» **Work item**
Every line of the listing must be repeated in the answer without alteration.

START Source material

(* Let $L$ be a normal incline, $n\ge 3$, and let $A$ be an $n\times n$ completely positive matrix over $L$ such that every left almost principal $2\times 2$ submatrix of $A$ has positive determinant greater than or equal to its negative determinant. Then $A$ is UL-completely positive.
   Context: An incline is a nonempty set $L$ with binary operations $\oplus,\otimes$ such that $(L,\oplus)$ is a semilattice ($\oplus$ associative, commutative, idempotent), $(L,\otimes)$ is a semigroup, $x\otimes(y\oplus z)=(x\otimes y)\oplus(x\otimes z)$ and $x\oplus(x\otimes y)=x$ for all $x,y,z$. The order is $x\le y\iff x\oplus y=y$; $L$ is commutative if $\otimes$ is commutative. An r-ideal is a nonempty $J\subseteq L$ closed under $\oplus$ and under multiplication by arbitrary elements of $L$; a lattice ideal is a nonempty $J\subseteq L$ closed under $\oplus$ and downward closed. A commutative incline $L$ is normal if it has an additive identity $\mathbf{0}$ and a multiplicative identity $\mathbf{1}$ and: every singly generated r-ideal is a lattice ideal (LI-property); for each $x$ there is a unique $c$ with $c\otimes c=x$; $x\otimes y\le(x\otimes x)\oplus(y\otimes y)$ for all $x,y$. Matrix product: $(BC)_{ij}=\bigoplus_k b_{ik}\otimes c_{kj}$; $B^T$ is the transpose. $A$ is completely positive if $A=BB^T$ for some $n\times k$ matrix $B$ over $L$ all of whose entries are of the form $c\otimes c$. $A$ is UL-completely positive if $A=UU^T$ for some upper triangular $n\times n$ matrix $U$ over $L$. For index sets $\alpha=\{\alpha_1<\dots<\alpha_k\}$, $\beta=\{\beta_1<\dots<\beta_k\}$, $A[\alpha|\beta]$ is the submatrix with $(i,j)$ entry $a_{\alpha_i\beta_j}$; it is left almost principal if $\alpha_j=\beta_j$ for $2\le j\le k$ but $\alpha_1\ne\beta_1$. For a $2\times 2$ matrix $\begin{bmatrix}p&q\\ r&s\end{bmatrix}$, the positive determinant is $p\otimes s$ and the negative determinant is $q\otimes r$. *)

theory Defs
  imports Main
begin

END Source material

» **Answer**
(* Let $L$ be a normal incline, $n\ge 3$, and let $A$ be an $n\times n$ completely positive matrix over $L$ such that every left almost principal $2\times 2$ submatrix of $A$ has positive determinant greater than or equal to its negative determinant. Then $A$ is UL-completely positive.
   Context: An incline is a nonempty set $L$ with binary operations $\oplus,\otimes$ such that $(L,\oplus)$ is a semilattice ($\oplus$ associative, commutative, idempotent), $(L,\otimes)$ is a semigroup, $x\otimes(y\oplus z)=(x\otimes y)\oplus(x\otimes z)$ and $x\oplus(x\otimes y)=x$ for all $x,y,z$. The order is $x\le y\iff x\oplus y=y$; $L$ is commutative if $\otimes$ is commutative. An r-ideal is a nonempty $J\subseteq L$ closed under $\oplus$ and under multiplication by arbitrary elements of $L$; a lattice ideal is a nonempty $J\subseteq L$ closed under $\oplus$ and downward closed. A commutative incline $L$ is normal if it has an additive identity $\mathbf{0}$ and a multiplicative identity $\mathbf{1}$ and: every singly generated r-ideal is a lattice ideal (LI-property); for each $x$ there is a unique $c$ with $c\otimes c=x$; $x\otimes y\le(x\otimes x)\oplus(y\otimes y)$ for all $x,y$. Matrix product: $(BC)_{ij}=\bigoplus_k b_{ik}\otimes c_{kj}$; $B^T$ is the transpose. $A$ is completely positive if $A=BB^T$ for some $n\times k$ matrix $B$ over $L$ all of whose entries are of the form $c\otimes c$. $A$ is UL-completely positive if $A=UU^T$ for some upper triangular $n\times n$ matrix $U$ over $L$. For index sets $\alpha=\{\alpha_1<\dots<\alpha_k\}$, $\beta=\{\beta_1<\dots<\beta_k\}$, $A[\alpha|\beta]$ is the submatrix with $(i,j)$ entry $a_{\alpha_i\beta_j}$; it is left almost principal if $\alpha_j=\beta_j$ for $2\le j\le k$ but $\alpha_1\ne\beta_1$. For a $2\times 2$ matrix $\begin{bmatrix}p&q\\ r&s\end{bmatrix}$, the positive determinant is $p\otimes s$ and the negative determinant is $q\otimes r$. *)

theory Defs
  imports Main
begin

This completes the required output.